I ignored them all, found a shadow in the back of the warehouse where we’d met, and hid.
Ten minutes later Trek emerged from a half-lit room, lines of exhaustion already carved around his eyes. I knew how he felt. Raine occupied my every thought, and sleep had eluded me.
Trek scanned the waiting group. “Did the voice-wonder show?”
I wanted to fly across the room and punch him. Too many witnesses, I decided. “I’m here,” I said unnecessarily.
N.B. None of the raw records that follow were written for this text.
lemma idem_mult_eq_of_mat_range_subset:
  assumes X: "X \<in> carrier_mat d d" and Y: "Y \<in> carrier_mat d d"
    and idem: "X * X = X" and sub: "mat_range d Y \<subseteq> mat_range d X"
  shows "X * Y = Y"
proof (rule mat_col_eqI)
  fix j assume "j < dim_col Y"
  hence j: "j < d" using Y by simp
  have "col Y j = Y *\<^sub>v unit_vec d j"
    using Y j by (intro eq_vecI) auto
  then have "col Y j \<in> mat_range d Y" unfolding mat_range_def by auto
  then obtain w where w: "w \<in> carrier_vec d" "col Y j = X *\<^sub>v w"
    using sub by (auto simp: mat_range_def)
  have "col (X * Y) j = X *\<^sub>v col Y j" by (rule col_mult2[OF X Y j])
  also have "\<dots> = (X * X) *\<^sub>v w" using w X by simp
  also have "\<dots> = col Y j" using idem w by simp
  finally show "col (X * Y) j = col Y j" .
qed (use X Y in auto)

text \<open>An orthogonal projector is determined by its range: \<open>X = adj (Y * X) = adj X * adj Y = X * Y = Y\<close>.\<close>
lemma orth_projector_unique:
  assumes X: "X \<in> carrier_mat d d" and Y: "Y \<in> carrier_mat d d"
    and "X * X = X" "Y * Y = Y" "adj X = X" "adj Y = Y"
    and "mat_range d X = mat_range d Y"
  shows "X = Y"
proof -
  have "X * Y = Y" "Y * X = X"
    using idem_mult_eq_of_mat_range_subset[OF X Y] idem_mult_eq_of_mat_range_subset[OF Y X] assms
    by auto
  then show ?thesis using assms adj_mult[OF Y X] by metis
qed
text \<open>A word with support S that disagrees with y on all of S \<inter> supp y would be at distance
  2w - |S \<inter> supp y| > 2w - s from y.\<close>
lemma card_fibre_le_of_small_Int:
  assumes "s \<le> w" "anticode q n w (2 * w - s) B" "0 < q"
    and "y \<in> B" "S \<subseteq> {1..n}" "card S = w" "card (S \<inter> supp n y) < s"
  shows "card {x \<in> B. supp n x = S} \<le> w * (q-1) ^ (w-1)"
proof -
  have "{x \<in> B. supp n x = S} \<subseteq> {x \<in> words_with_supp q n S. \<exists>i\<in>S. x i = y i}"
  proof safe
    fix x assume x: "x \<in> B" "S = supp n x"
    have xy: "x \<in> J q n w" "y \<in> J q n w" "hdist n x y \<le> 2 * w - s"
      using assms(2,4) x(1) by (auto simp: anticode_def)
    show "x \<in> words_with_supp q n (supp n x)"
      using xy(1) by (simp add: J_def words_with_supp_def)
    show "\<exists>i\<in>supp n x. x i = y i"
    proof (rule ccontr)
      assume "\<not> ?thesis"
      then have "hdist n x y + card (supp n x \<inter> supp n y) = 2 * w"
        using xy(1,2) by (intro hdist_add_card_Int_supp_eq_of_disagree) (auto simp: J_def)
      moreover have "card (supp n x \<inter> supp n y) < s" using assms(7) x(2) by simp
      ultimately show False using xy(3) assms(1) by linarith
    qed
  qed
  then have "card {x \<in> B. supp n x = S} \<le> card {x \<in> words_with_supp q n S. \<exists>i\<in>S. x i = y i}"
    by (rule card_mono[rotated]) simp
  also have "\<dots> \<le> w * (q-1) ^ (w-1)"
    using card_words_with_supp_agreeing[OF assms(5,3)] assms(6) by simp
  finally show ?thesis .
qed

lemma supp_image_subset_subsets_of_card: "B \<subseteq> J q n w \<Longrightarrow> supp n ` B \<subseteq> subsets_of_card n w"
  using supp_subset by (auto simp: J_def wt_def subsets_of_card_def)

lemma card_fibre_le:
  assumes "B \<subseteq> words q n" "0 < q" "S \<in> subsets_of_card n w"
  shows "card {x \<in> B. supp n x = S} \<le> (q-1) ^ w"
proof -
  have "card {x \<in> B. supp n x = S} \<le> card (words_with_supp q n S)"
    using assms(1) by (intro card_mono) (auto simp: words_with_supp_def)
  then show ?thesis using assms(2,3) by (simp add: subsets_of_card_def card_words_with_supp)
qed

lemma sum_fibres_outside_s_core_le:
  assumes "s \<le> w" "anticode q n w (2 * w - s) B" "card (subsets_of_card n w) * w < q"
  defines "P \<equiv> supp n ` B"
  shows "(\<Sum>S\<in>P - s_core s P. card {x \<in> B. supp n x = S}) \<le> (q-1) ^ w"
proof (cases "P - s_core s P = {}")
  case True
  then show ?thesis by (simp only: sum.empty)
next
  case False
  have PJ: "P \<subseteq> subsets_of_card n w"
    unfolding P_def using assms by (intro supp_image_subset_subsets_of_card[where q = q]) (simp add: anticode_def)
  have fibre: "card {x \<in> B. supp n x = S} \<le> w * (q-1) ^ (w-1)" if S: "S \<in> P - s_core s P" for S
  proof -
    obtain y where "y \<in> B" "card (S \<inter> supp n y) < s"
      using S by (auto simp: P_def s_core_def not_le)
    then show ?thesis
      using S PJ assms(1-3)
      by (intro card_fibre_le_of_small_Int[where s = s]) (auto simp: subsets_of_card_def)
  qed
  have "1 \<le> w" using False assms(1) by (auto simp: s_core_def)
  have "(\<Sum>S\<in>P - s_core s P. card {x \<in> B. supp n x = S})
      \<le> (\<Sum>S\<in>P - s_core s P. w * (q-1) ^ (w-1))"
    by (rule sum_mono) (rule fibre)
  also have "\<dots> = card (P - s_core s P) * w * (q-1) ^ (w-1)"
    by simp
  also have "\<dots> \<le> card (subsets_of_card n w) * w * (q-1) ^ (w-1)"
    using PJ by (intro mult_right_mono card_mono) auto
  also have "\<dots> \<le> (q-1) * (q-1) ^ (w-1)"
    using assms(3) by (intro mult_right_mono) auto
  also have "\<dots> = (q-1) ^ w"
    using \<open>1 \<le> w\<close> by (simp add: power_eq_if)
  finally show ?thesis .
qed

lemma card_s_core_mul_add_sum_fibres_le:
  assumes "s \<le> w" "max_s_intersecting n w s T"
    and q: "card (subsets_of_card n w) * w < q" and B: "anticode q n w (2 * w - s) B"
  defines "P \<equiv> supp n ` B"
  shows "card (s_core s P) * (q-1) ^ w + (\<Sum>S\<in>P - s_core s P. card {x \<in> B. supp n x = S})
    \<le> card T * (q-1) ^ w"
proof -
  have PJ: "P \<subseteq> subsets_of_card n w"
    unfolding P_def using B by (intro supp_image_subset_subsets_of_card[where q = q]) (simp add: anticode_def)
  show ?thesis
  proof (cases "P \<subseteq> s_core s P")
    case True
    then have "P - s_core s P = {}" by blast
    moreover have "card (s_core s P) \<le> card T"
      using assms(2) s_intersecting_s_core[OF PJ] by (rule card_le_of_max_s_intersecting)
    ultimately show ?thesis by (simp only: sum.empty add_0_right mult_right_mono)
  next
    case False
    then obtain S0 where "S0 \<in> P" "S0 \<notin> s_core s P" by blast
    have "finite (s_core s P)"
      using finite_subset[OF PJ finite_subsets_of_card]
      by (rule finite_subset[rotated]) (auto simp: s_core_def)
    then have "card (s_core s P) + 1 = card (insert S0 (s_core s P))"
      using \<open>S0 \<notin> s_core s P\<close> by simp
    also have "\<dots> \<le> card T"
      using assms(2) s_intersecting_insert_s_core[OF PJ assms(1) \<open>S0 \<in> P\<close>]
      by (rule card_le_of_max_s_intersecting)
    finally have "(card (s_core s P) + 1) * (q-1) ^ w \<le> card T * (q-1) ^ w"
      by (rule mult_right_mono) simp
    then show ?thesis
      using sum_fibres_outside_s_core_le[OF assms(1) B q] by (simp add: P_def)
  qed
qed

lemma card_le_sum_card_fibres:
  assumes "finite B"
  shows "card B \<le> (\<Sum>S\<in>f ` B. card {x \<in> B. f x = S})"
proof -
  have "card B = card (\<Union>S\<in>f ` B. {x \<in> B. f x = S})"
    by (rule arg_cong[where f = card]) blast
  also have "\<dots> \<le> (\<Sum>S\<in>f ` B. card {x \<in> B. f x = S})"
    using assms by (intro card_UN_le) simp
  finally show ?thesis .
qed

lemma card_anticode_le_card_Aq:
  assumes "s \<le> w" "w \<le> n" "max_s_intersecting n w s T"
    and q: "card (subsets_of_card n w) * w < q" and B: "anticode q n w (2 * w - s) B"
  shows "card B \<le> card (Aq q n T)"
proof -
  define P where "P = supp n ` B"
  define fibre where "fibre S = card {x \<in> B. supp n x = S}" for S
  have B_words: "B \<subseteq> words q n" using B by (auto simp: anticode_def J_def)
  have PJ: "P \<subseteq> subsets_of_card n w"
    unfolding P_def using assms by (intro supp_image_subset_subsets_of_card[where q = q]) (simp add: anticode_def)
  have "card B \<le> (\<Sum>S\<in>P. fibre S)"
    using card_le_sum_card_fibres[OF finite_subset[OF B_words finite_words]]
    by (simp add: P_def fibre_def)
  also have "\<dots> = (\<Sum>S\<in>P - s_core s P. fibre S) + (\<Sum>S\<in>s_core s P. fibre S)"
    using finite_subset[OF PJ finite_subsets_of_card]
    by (rule sum.subset_diff[rotated]) (auto simp: s_core_def)
  also have "(\<Sum>S\<in>s_core s P. fibre S) \<le> card (s_core s P) * (q-1) ^ w"
    using sum_mono[of "s_core s P" fibre "\<lambda>_. (q-1) ^ w"] card_fibre_le[OF B_words] PJ q
    by (force simp: s_core_def fibre_def)
  also have "(\<Sum>S\<in>P - s_core s P. fibre S) + card (s_core s P) * (q-1) ^ w \<le> card T * (q-1) ^ w"
    using card_s_core_mul_add_sum_fibres_le[OF assms(1,3) q B] by (simp add: P_def fibre_def)
  also have "\<dots> = card (Aq q n T)"
    using assms(3) q
    by (intro card_Aq[symmetric] s_intersecting_finite s_intersecting_subset_subsets_of_card)
      (auto simp: max_s_intersecting_def)
  finally show ?thesis by simp
qed

subsection \<open>Binarizing diameter perfect codes\<close>

lemma card_Int_supp_less_of_code:
  assumes "code q n w (2 * w - s + 1) C" "x \<in> C" "y \<in> C" "x \<noteq> y"
  shows "card (supp n x \<inter> supp n y) < s"
proof -
  have "x \<in> J q n w" "y \<in> J q n w" "2 * w - s + 1 \<le> hdist n x y"
    using assms by (auto simp: code_def)
  then show ?thesis using hdist_add_card_Int_supp_le[of n x w y] by (simp add: J_def)
qed

lemma inj_on_binarize_code:
  assumes "s \<le> w" "code q n w (2 * w - s + 1) C"
  shows "inj_on (binarize n) C"
proof (rule inj_onI, rule ccontr)
  fix x y assume "x \<in> C" "y \<in> C" "binarize n x = binarize n y" "x \<noteq> y"
  moreover have "wt n x = w" using assms(2) \<open>x \<in> C\<close> by (auto simp: code_def J_def)
  ultimately show False
    using card_Int_supp_less_of_code[OF assms(2)] assms(1) supp_binarize
    by (metis Int_absorb not_le wt_def)
qed

lemma code_binarize:
  assumes "s \<le> w" "code q n w (2 * w - s + 1) C"
  shows "code 2 n w (2 * w - 2 * s + 2) (binarize n ` C)"
proof -
  have CJ: "\<And>x. x \<in> C \<Longrightarrow> wt n x = w" using assms(2) by (auto simp: code_def J_def)
  have "2 * w - 2 * s + 2 \<le> hdist n (binarize n x) (binarize n y)"
    if "x \<in> C" "y \<in> C" "binarize n x \<noteq> binarize n y" for x y
  proof -
    have "card (supp n x \<inter> supp n y) < s"
      using card_Int_supp_less_of_code[OF assms(2) that(1,2)] that(3) by blast
    moreover have "hdist n (binarize n x) (binarize n y) + 2 * card (supp n x \<inter> supp n y) = 2 * w"
      using hdist_binary[OF binarize_in_words binarize_in_words, of n x w y] CJ that(1,2)
      by (simp add: wt_def)
    ultimately show ?thesis using assms(1) by linarith
  qed
  moreover have "card (binarize n ` C) = card C"
    by (rule card_image[OF inj_on_binarize_code[OF assms]])
  ultimately show ?thesis
    using assms(2) CJ binarize_in_words by (auto simp: code_def J_def wt_def)
qed

lemma diameter_perfect_of_card_eq:
  assumes "code q n w d C" "anticode q n w D A" "D < d"
    and "real (card C) = real (card (J q n w)) / real (card A)"
  shows "diameter_perfect q n w d C"
proof -
  have "finite A" "A \<noteq> {}"
    using assms(2) finite_words by (auto simp: anticode_def J_def intro: finite_subset)
  then have "card C * card A = card (J q n w)"
    using assms(4) by (simp add: field_simps flip: of_nat_mult)
  then show ?thesis using assms(1-3) by (auto simp: diameter_perfect_def)
qed

lemma max_anticode_Aq:
  assumes "s \<le> w" "w \<le> n" "max_s_intersecting n w s T"
    and "2 \<le> q" "card (subsets_of_card n w) * w < q"
  shows "max_anticode q n w (2 * w - s) (Aq q n T)"
proof -
  have "s_intersecting n w s T" using assms(3) by (simp add: max_s_intersecting_def)
  then show ?thesis
    using anticode_Aq max_s_intersecting_nonempty[OF assms(1-3)] assms(4)
      card_anticode_le_card_Aq[OF assms(1-3,5)]
    by (simp add: max_anticode_def)
qed

lemma binarize_diameter_perfect_code:
  assumes "s \<le> w" "w \<le> n" "max_s_intersecting n w s T"
    and q: "2 \<le> q" and C: "code q n w (2 * w - s + 1) C"
    and card_C: "real (card C) = real (card (J q n w)) / real (card (Aq q n T))"
  shows "real (card (binarize n ` C)) = real (card (J 2 n w)) / real (card (Aq 2 n T))"
    and "code 2 n w (2 * w - 2 * s + 2) (binarize n ` C)"
    and "diameter_perfect 2 n w (2 * w - 2 * s + 2) (binarize n ` C)"
proof -
  have T: "s_intersecting n w s T" using assms(3) by (simp add: max_s_intersecting_def)
  have T_props: "finite T" "T \<subseteq> subsets_of_card n w"
    using s_intersecting_finite[OF T] s_intersecting_subset_subsets_of_card[OF T] by auto
  show card_C2: "real (card (binarize n ` C)) = real (card (J 2 n w)) / real (card (Aq 2 n T))"
    using card_C card_image[OF inj_on_binarize_code[OF assms(1) C]]
      card_J_div_card_Aq[OF T_props q] card_J_div_card_Aq[OF T_props, of 2] by simp
  show code2: "code 2 n w (2 * w - 2 * s + 2) (binarize n ` C)"
    by (rule code_binarize[OF assms(1) C])
  show "diameter_perfect 2 n w (2 * w - 2 * s + 2) (binarize n ` C)"
    using anticode_Aq_binary[OF T max_s_intersecting_nonempty[OF assms(1-3)]]
    by (intro diameter_perfect_of_card_eq[OF code2 _ _ card_C2]) auto
qed

theorem mainTheorem5:
  fixes n w s :: nat and T :: "nat set set"
  assumes "s \<le> w" and "w \<le> n"
    and "max_s_intersecting n w s T"
  shows "max_anticode 2 n w (2*w - 2*s) (Aq 2 n T)
     \<and> (\<exists>Q. \<forall>q\<ge>Q. max_anticode q n w (2*w - s) (Aq q n T))
     \<and> (\<forall>q C. 2 \<le> q \<longrightarrow> code q n w (2*w - s + 1) C \<longrightarrow>
           real (card C) = real (card (J q n w)) / real (card (Aq q n T)) \<longrightarrow>
           real (card (binarize n ` C)) = real (card (J 2 n w)) / real (card (Aq 2 n T))
           \<and> code 2 n w (2*w - 2*s + 2) (binarize n ` C)
           \<and> diameter_perfect 2 n w (2*w - 2*s + 2) (binarize n ` C))"
proof -
  have "max_anticode q n w (2*w - s) (Aq q n T)"
    if "card (subsets_of_card n w) * w + 2 \<le> q" for q
    using that by (intro max_anticode_Aq[OF assms]) auto
  then show ?thesis
    using max_anticode_Aq_binary[OF assms] binarize_diameter_perfect_code[OF assms] by blast
qed

end
(* Let $\mu>0$, $T_s>0$, $T_w>0$, let $Q_w\ge 1$ be an integer, and for $\rho\in(0,1)$ define $$f(\rho)=\frac{\Gamma(Q_w+1,\mu\rho T_s)-\mu\rho T_s\,\Gamma(Q_w,\mu\rho T_s)}{\mu\rho\,\Gamma(Q_w)},$$ and $b=T_s+T_w$, where $\Gamma(\cdot)$ is the Gamma function and $\Gamma(s,x)=\int_x^\infty u^{s-1}e^{-u}\,du$ is the upper incomplete Gamma function. Then $f''(\rho)\bigl(f(\rho)+b\bigr)\ge 2\bigl(f'(\rho)\bigr)^2$ for all $\rho\in(0,1)$; consequently, for any $\sigma_{\mathrm{off}}\in[0,1)$, the function $E(\rho)=1-(1-\sigma_{\mathrm{off}})(1-\rho)\dfrac{f(\rho)}{f(\rho)+T_s+T_w}$ is concave on $(0,1)$.
   Context: This $f$ is the exact mean low-power time of an Energy Efficient Ethernet link under the "burst transmission" policy in the high-load regime with Poisson arrivals at normalized load $\rho$, where $\mu^{-1}$ is the mean packet transmission time, $T_s,T_w$ are the sleep and wake transition times, $Q_w$ is the burst size threshold, and $\sigma_{\mathrm{off}}$ is the relative power in the idle state; $E(\rho)$ is the normalized link energy consumption. *)

theory Defs
  imports "HOL-Analysis.Analysis"
begin

definition upper_Gamma :: "real \<Rightarrow> real \<Rightarrow> real" where
  "upper_Gamma s x = integral {x..} (\<lambda>u. u powr (s - 1) * exp (- u))"

definition eee_f :: "real \<Rightarrow> real \<Rightarrow> nat \<Rightarrow> real \<Rightarrow> real" where
  "eee_f \<mu> Ts Qw \<rho> =
     (upper_Gamma (real Qw + 1) (\<mu> * \<rho> * Ts)
        - \<mu> * \<rho> * Ts * upper_Gamma (real Qw) (\<mu> * \<rho> * Ts))
     / (\<mu> * \<rho> * Gamma (real Qw))"
lemma V_continuous: "0 \<le> t0 \<Longrightarrow> ((\<lambda>t. nrm M (V t - V t0)) \<longlongrightarrow> 0) (at t0 within {0..})"
  using weak by (simp add: weak_solution_def)

lemma coef_U_deriv: "i \<in> I \<Longrightarrow> 0 \<le> t \<Longrightarrow> ((\<lambda>s. c i s) has_real_derivative d i t) (at t within {0..})"
  using weak by (simp add: weak_solution_def)

lemma coef_V_deriv: "i \<in> I \<Longrightarrow> 0 \<le> t \<Longrightarrow> ((\<lambda>s. d i s) has_real_derivative accel i t) (at t within {0..})"
  using weak by (simp add: weak_solution_def accel_def)

lemma bounded_partial_sums_sqrt_lam_coef_U:
  "bounded_partial_sums I {0..T} (\<lambda>i \<tau>. (sqrt (lam i) * c i \<tau>)\<^sup>2)"
proof (rule bounded_partial_sums_if_continuous[OF compact_Icc,
      where D = "\<lambda>\<tau>0 \<tau>. nrm_r M I e lam 2 (U \<tau> - U \<tau>0)"])
  show "(\<lambda>i. (sqrt (lam i) * c i \<tau>)\<^sup>2) summable_on I" if "\<tau> \<in> {0..T}" for \<tau>
    using H2_summable_sqrt_lam U_H2 that by simp
  show "((\<lambda>\<tau>. nrm_r M I e lam 2 (U \<tau> - U \<tau>0)) \<longlongrightarrow> 0) (at \<tau>0 within {0..T})" if "\<tau>0 \<in> {0..T}" for \<tau>0
    using U_continuous[of \<tau>0] that by (auto intro: tendsto_within_subset)
  fix \<tau>0 \<tau> F assume t: "\<tau>0 \<in> {0..T}" "\<tau> \<in> {0..T}" and F: "finite F" "F \<subseteq> I"
  have "(\<Sum>i\<in>F. (sqrt (lam i) * c i \<tau> - sqrt (lam i) * c i \<tau>0)\<^sup>2)
      = (\<Sum>i\<in>F. lam i * (coef M e (U \<tau> - U \<tau>0) i)\<^sup>2)"
    using F t coef_diff[OF U_L2 U_L2] square_sqrt_lam_mult
    by (intro sum.cong) (auto simp: right_diff_distrib[symmetric])
  also have "\<dots> \<le> (nrm_r M I e lam 2 (U \<tau> - U \<tau>0))\<^sup>2"
    using t by (intro sum_lam_coef_square_le[OF H2_diff[OF U_H2 U_H2] F]) auto
  finally show "(\<Sum>i\<in>F. (sqrt (lam i) * c i \<tau> - sqrt (lam i) * c i \<tau>0)\<^sup>2)
      \<le> (nrm_r M I e lam 2 (U \<tau> - U \<tau>0))\<^sup>2" .
qed

lemma small_tails_coef_V: "uniformly_small_tails I {0..T} (\<lambda>i \<tau>. (d i \<tau>)\<^sup>2)"
proof (rule small_tails_if_continuous[OF compact_Icc, where D = "\<lambda>\<tau>0 \<tau>. nrm M (V \<tau> - V \<tau>0)"])
  show "(\<lambda>i. (d i \<tau>)\<^sup>2) summable_on I" if "\<tau> \<in> {0..T}" for \<tau>
    using has_sum_coef_square V_L2 that has_sum_imp_summable by fastforce
  show "((\<lambda>\<tau>. nrm M (V \<tau> - V \<tau>0)) \<longlongrightarrow> 0) (at \<tau>0 within {0..T})" if "\<tau>0 \<in> {0..T}" for \<tau>0
    using V_continuous[of \<tau>0] that by (auto intro: tendsto_within_subset)
  fix \<tau>0 \<tau> F assume t: "\<tau>0 \<in> {0..T}" "\<tau> \<in> {0..T}" and F: "finite F" "F \<subseteq> I"
  have "(\<Sum>i\<in>F. (d i \<tau> - d i \<tau>0)\<^sup>2) = (\<Sum>i\<in>F. (coef M e (V \<tau> - V \<tau>0) i)\<^sup>2)"
    using F t coef_diff[OF V_L2 V_L2] by (intro sum.cong) auto
  also have "\<dots> \<le> (nrm M (V \<tau> - V \<tau>0))\<^sup>2"
    using t by (intro sum_coef_square_le[OF L2_diff[OF V_L2 V_L2] F]) auto
  finally show "(\<Sum>i\<in>F. (d i \<tau> - d i \<tau>0)\<^sup>2) \<le> (nrm M (V \<tau> - V \<tau>0))\<^sup>2" .
qed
Everyone was already staring at me when I stepped out of the pool of shade. “What’s the news with Raine?”
Trek made a guttural noise that meant what a lame question.
He didn’t answer it, instead crossing his arms over that too-big chest. “Assignments for tonight include caching in everything learned over the past week.” At least while he talked, the other Insiders weren’t staring at me. “Some of us have had exciting discoveries. We need everything pooled for the other groups.”
I ground my teeth together at the way he emphasized “some of us.” Like I had nothing valuable to contribute.
Trek half-turned away from me. “Some of you may know Zenn Bower. He’s the leader of the Insiders here in Freedom. He’s here to take a select group of you on an exciting field trip.”
I sidled up behind them, waiting until everyone had moved on to their next task. “What about Raine?”